The World Bank has attributed major delays in the implementation of the Greater Accra Resilient and Integrated Development (GARID) Project to fiscal restrictions introduced by the Ministry of Finance, warning that the setbacks could affect efforts to address flooding in the capital.
In its latest implementation report released in May 2026, the Bank downgraded the project’s implementation rating from satisfactory to “Moderately Unsatisfactory,” citing funding challenges that slowed key activities despite the project being fully financed.
The concerns come just days after the June 29 floods in Accra, which claimed at least 12 lives and once again exposed the city’s persistent drainage and flood management problems.
The $350 million GARID Project was designed to strengthen flood prevention measures, improve solid waste management and build urban resilience across several municipalities in the Greater Accra Metropolitan Area.
The initiative includes major drainage works, urban upgrading projects, waste management interventions, institutional reforms and emergency response systems.
According to the World Bank, while some aspects of the project have recorded progress, several critical infrastructure works remain behind schedule.

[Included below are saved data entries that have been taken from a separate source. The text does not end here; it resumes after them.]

(* Chain rule for the carre du champ: Gamma (Phi o f) = (Phi' o f)^2 Gamma f for
   polynomial Phi, derived from the diffusion property applied to Phi and Phi^2. *)
lemma Gamma_polynomial_comp:
  assumes f: "f \<in> A" and poly: "real_polynomial_function \<Phi>"
    and \<Phi>': "\<And>u. (\<Phi> has_real_derivative \<Phi>' u) (at u)"
  shows "(\<lambda>x. \<Phi> (f x)) \<in> A" "Gamma L (\<lambda>x. \<Phi> (f x)) = (\<lambda>x. (\<Phi>' (f x))\<^sup>2 * Gamma L f x)"
proof -
  have chain: "(\<lambda>x. \<Psi> (f x)) \<in> A \<and>
      L (\<lambda>x. \<Psi> (f x)) = (\<lambda>x. deriv \<Psi> (f x) * L f x + deriv (deriv \<Psi>) (f x) * Gamma L f x)"
    if "real_polynomial_function \<Psi>" for \<Psi>
    using framework f real_polynomial_function_smooth[OF that]
    unfolding diffusion_framework_def by (simp add: numeral_2_eq_2)
  have d1: "deriv \<Phi> = \<Phi>'" by (intro ext DERIV_imp_deriv \<Phi>')
  then have "real_polynomial_function \<Phi>'"
    using real_polynomial_function_deriv[OF poly] by metis
  then obtain \<Phi>'' where \<Phi>'': "\<And>u. (\<Phi>' has_real_derivative \<Phi>'' u) (at u)" "deriv \<Phi>' = \<Phi>''"
    using real_polynomial_function_deriv by metis
  have sq_deriv: "deriv (\<lambda>t. \<Phi> t * \<Phi> t) = (\<lambda>t. 2 * \<Phi> t * \<Phi>' t)"
    by (rule ext, rule DERIV_imp_deriv) (auto intro!: derivative_eq_intros \<Phi>')
  have sq_deriv2: "deriv (\<lambda>t. 2 * \<Phi> t * \<Phi>' t) = (\<lambda>t. 2 * (\<Phi>' t)\<^sup>2 + 2 * \<Phi> t * \<Phi>'' t)"
    by (rule ext, rule DERIV_imp_deriv)
      (auto simp: power2_eq_square intro!: derivative_eq_intros \<Phi>' \<Phi>'')
  have L_\<Phi>: "L (\<lambda>x. \<Phi> (f x)) = (\<lambda>x. \<Phi>' (f x) * L f x + \<Phi>'' (f x) * Gamma L f x)"
    using chain[OF poly] d1 \<Phi>''(2) by simp
  have L_\<Phi>_sq: "L (\<lambda>x. \<Phi> (f x) * \<Phi> (f x)) = (\<lambda>x. 2 * \<Phi> (f x) * \<Phi>' (f x) * L f x
      + (2 * (\<Phi>' (f x))\<^sup>2 + 2 * \<Phi> (f x) * \<Phi>'' (f x)) * Gamma L f x)"
  proof -
    have "real_polynomial_function (\<lambda>t. \<Phi> t * \<Phi> t)" using poly by auto
    from chain[OF this] show ?thesis using sq_deriv sq_deriv2 by simp
  qed
  show "(\<lambda>x. \<Phi> (f x)) \<in> A" using chain[OF poly] by blast
  show "Gamma L (\<lambda>x. \<Phi> (f x)) = (\<lambda>x. (\<Phi>' (f x))\<^sup>2 * Gamma L f x)"
    by (rule ext) (simp add: carre_du_champ_def L_\<Phi> L_\<Phi>_sq field_simps power2_eq_square)
qed

lemma smoothed_signed_square:
  assumes f: "f \<in> A" and range: "\<And>x. \<bar>f x - m\<bar> \<le> R" and d: "0 < d"
  obtains g where "g \<in> A"
    "\<And>x. sqrt (Gamma L g x) \<le> (2 * \<bar>f x - m\<bar> + 2 * d) * sqrt (Gamma L f x)"
    "\<And>x. m \<le> f x \<Longrightarrow> (f x - m)\<^sup>2 \<le> g x"
    "\<And>x. f x \<le> m \<Longrightarrow> g x \<le> - (f x - m)\<^sup>2"
    "\<And>x b. f x \<le> b \<Longrightarrow> m \<le> b \<Longrightarrow> b - m \<le> R \<Longrightarrow> g x \<le> (b - m)\<^sup>2 + 2 * d * (b - m)"
    "\<And>x a. a \<le> f x \<Longrightarrow> a \<le> m \<Longrightarrow> - R \<le> a - m \<Longrightarrow> - (a - m)\<^sup>2 + 2 * d * (a - m) \<le> g x"
proof -
  obtain P P1 where poly: "real_polynomial_function P"
    and P': "\<And>u. (P has_real_derivative P1 u) (at u)"
    and P1: "\<And>u. \<bar>u\<bar> \<le> R \<Longrightarrow> 0 \<le> P1 u \<and> P1 u \<le> 2 * \<bar>u\<bar> + 2 * d"
    and right: "\<And>u. 0 \<le> u \<Longrightarrow> u \<le> R \<Longrightarrow> u\<^sup>2 \<le> P u \<and> P u \<le> u\<^sup>2 + 2 * d * u"
    and left: "\<And>u. - R \<le> u \<Longrightarrow> u \<le> 0 \<Longrightarrow> - u\<^sup>2 + 2 * d * u \<le> P u \<and> P u \<le> - u\<^sup>2"
    and mono: "\<And>u v. - R \<le> u \<Longrightarrow> u \<le> v \<Longrightarrow> v \<le> R \<Longrightarrow> P u \<le> P v"
    using signed_square_approximation[OF d, of R] by blast
  define g where "g x = P (f x - m)" for x
  have shift_poly: "real_polynomial_function (\<lambda>t. P (t - m))"
    using real_polynomial_function_compose[of "\<lambda>t. t - m" P] poly
    by (simp add: o_def polynomial_function_diff)
  have shift_deriv: "((\<lambda>t. P (t - m)) has_real_derivative P1 (t - m)) (at t)" for t
  proof -
    have "((\<lambda>t. t - m) has_real_derivative 1) (at t)" by (auto intro!: derivative_eq_intros)
    from DERIV_chain2[OF P' this] show ?thesis by simp
  qed
  note comp = Gamma_polynomial_comp[OF f shift_poly shift_deriv]
  have "g \<in> A" using comp(1) unfolding g_def .
  moreover have "sqrt (Gamma L g x) \<le> (2 * \<bar>f x - m\<bar> + 2 * d) * sqrt (Gamma L f x)" for x
  proof -
    have "sqrt (Gamma L g x) = P1 (f x - m) * sqrt (Gamma L f x)"
      using comp(2) P1[OF range[of x]] unfolding g_def by (simp add: real_sqrt_mult)
    then show ?thesis using P1[OF range[of x]] by (simp add: mult_right_mono Gamma_nonneg[OF f])
  qed
  moreover have "(f x - m)\<^sup>2 \<le> g x" if "m \<le> f x" for x
    using right[of "f x - m"] range[of x] that unfolding g_def by simp
  moreover have "g x \<le> - (f x - m)\<^sup>2" if "f x \<le> m" for x
    using left[of "f x - m"] range[of x] that unfolding g_def by (simp add: abs_le_iff)
  moreover have "g x \<le> (b - m)\<^sup>2 + 2 * d * (b - m)" if "f x \<le> b" "m \<le> b" "b - m \<le> R" for x b
    using mono[of "f x - m" "b - m"] right[of "b - m"] range[of x] that unfolding g_def
    by (simp add: abs_le_iff)
  moreover have "- (a - m)\<^sup>2 + 2 * d * (a - m) \<le> g x" if "a \<le> f x" "a \<le> m" "- R \<le> a - m" for x a
    using mono[of "a - m" "f x - m"] left[of "a - m"] range[of x] that unfolding g_def
    by (simp add: abs_le_iff)
  ultimately show ?thesis by (rule that)
qed

(* Young's inequality turns the gradient term of g into half the mean square deviation
   of f plus Gamma-terms of f. *)
lemma integral_sqrt_Gamma_bound:
  assumes f: "f \<in> A" and g: "g \<in> A" and \<beta>: "0 \<le> \<beta>"
    and comp: "\<And>x. sqrt (Gamma L g x) \<le> (2 * \<bar>f x - m\<bar> + 2 * d) * sqrt (Gamma L f x)"
  shows "\<beta> * (\<integral>x. sqrt (Gamma L g x) \<partial>M)
    \<le> (\<integral>x. (f x - m)\<^sup>2 \<partial>M) / 2 + 2 * \<beta>\<^sup>2 * (\<integral>x. Gamma L f x \<partial>M)
      + 2 * \<beta> * d * (\<integral>x. sqrt (Gamma L f x) \<partial>M)"
proof -
  have int: "integrable M (\<lambda>x. (f x - m)\<^sup>2)" "integrable M (Gamma L f)"
    "integrable M (\<lambda>x. sqrt (Gamma L f x))"
    using A_integrable A_square_deviation Gamma_in_A sqrt_Gamma_integrable f by blast+
  have pointwise: "\<beta> * sqrt (Gamma L g x)
      \<le> (f x - m)\<^sup>2 / 2 + 2 * \<beta>\<^sup>2 * Gamma L f x + 2 * \<beta> * d * sqrt (Gamma L f x)" for x
  proof -
    have "\<beta> * sqrt (Gamma L g x) \<le> \<beta> * ((2 * \<bar>f x - m\<bar> + 2 * d) * sqrt (Gamma L f x))"
      using comp[of x] \<beta> by (rule mult_left_mono)
    also have "\<dots> = 2 * \<beta> * \<bar>f x - m\<bar> * sqrt (Gamma L f x) + 2 * \<beta> * d * sqrt (Gamma L f x)"
      by (simp add: algebra_simps)
    also have "\<dots> \<le> (f x - m)\<^sup>2 / 2 + 2 * \<beta>\<^sup>2 * Gamma L f x + 2 * \<beta> * d * sqrt (Gamma L f x)"
      using young_product_bound[of \<beta> "f x - m" "sqrt (Gamma L f x)"] Gamma_nonneg[OF f, of x]
      by simp
    finally show ?thesis .
  qed
  have "\<beta> * (\<integral>x. sqrt (Gamma L g x) \<partial>M) = (\<integral>x. \<beta> * sqrt (Gamma L g x) \<partial>M)" by simp
  also have "\<dots> \<le> (\<integral>x. (f x - m)\<^sup>2 / 2 + 2 * \<beta>\<^sup>2 * Gamma L f x
      + 2 * \<beta> * d * sqrt (Gamma L f x) \<partial>M)"
    using int sqrt_Gamma_integrable[OF g] pointwise by (intro integral_mono) auto
  also have "\<dots> = (\<integral>x. (f x - m)\<^sup>2 \<partial>M) / 2 + 2 * \<beta>\<^sup>2 * (\<integral>x. Gamma L f x \<partial>M)
      + 2 * \<beta> * d * (\<integral>x. sqrt (Gamma L f x) \<partial>M)"
    using int by simp
  finally show ?thesis .
qed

The Bank noted that the flood early warning system has been completed and is operational, while waste collection services in underserved communities have exceeded targets.
However, many construction projects have advanced slowly despite engineering designs being largely completed. Some contractors continue to miss deadlines, while decisions on poorly performing contracts have yet to be made.
The World Bank said fiscal measures introduced in 2025 contributed significantly to the delays.
These included limits on project disbursements and the temporary withdrawal of GH¢13.8 million from the project’s account, resulting in cash flow difficulties, delayed payments to contractors and slower execution of works.
Although the government has taken steps to ease the situation, including processing a $10.5 million withdrawal and returning the withdrawn funds, the Bank says funding challenges remain.
The project is estimated to require $40.8 million this year, but only about $17.5 million has been allocated so far.
As of April 2026, only $137 million, about 40 percent of the total project funding, had been disbursed. The World Bank has cautioned that continued delays in funding approvals could further disrupt implementation and threaten the project’s ability to meet its objectives before completion.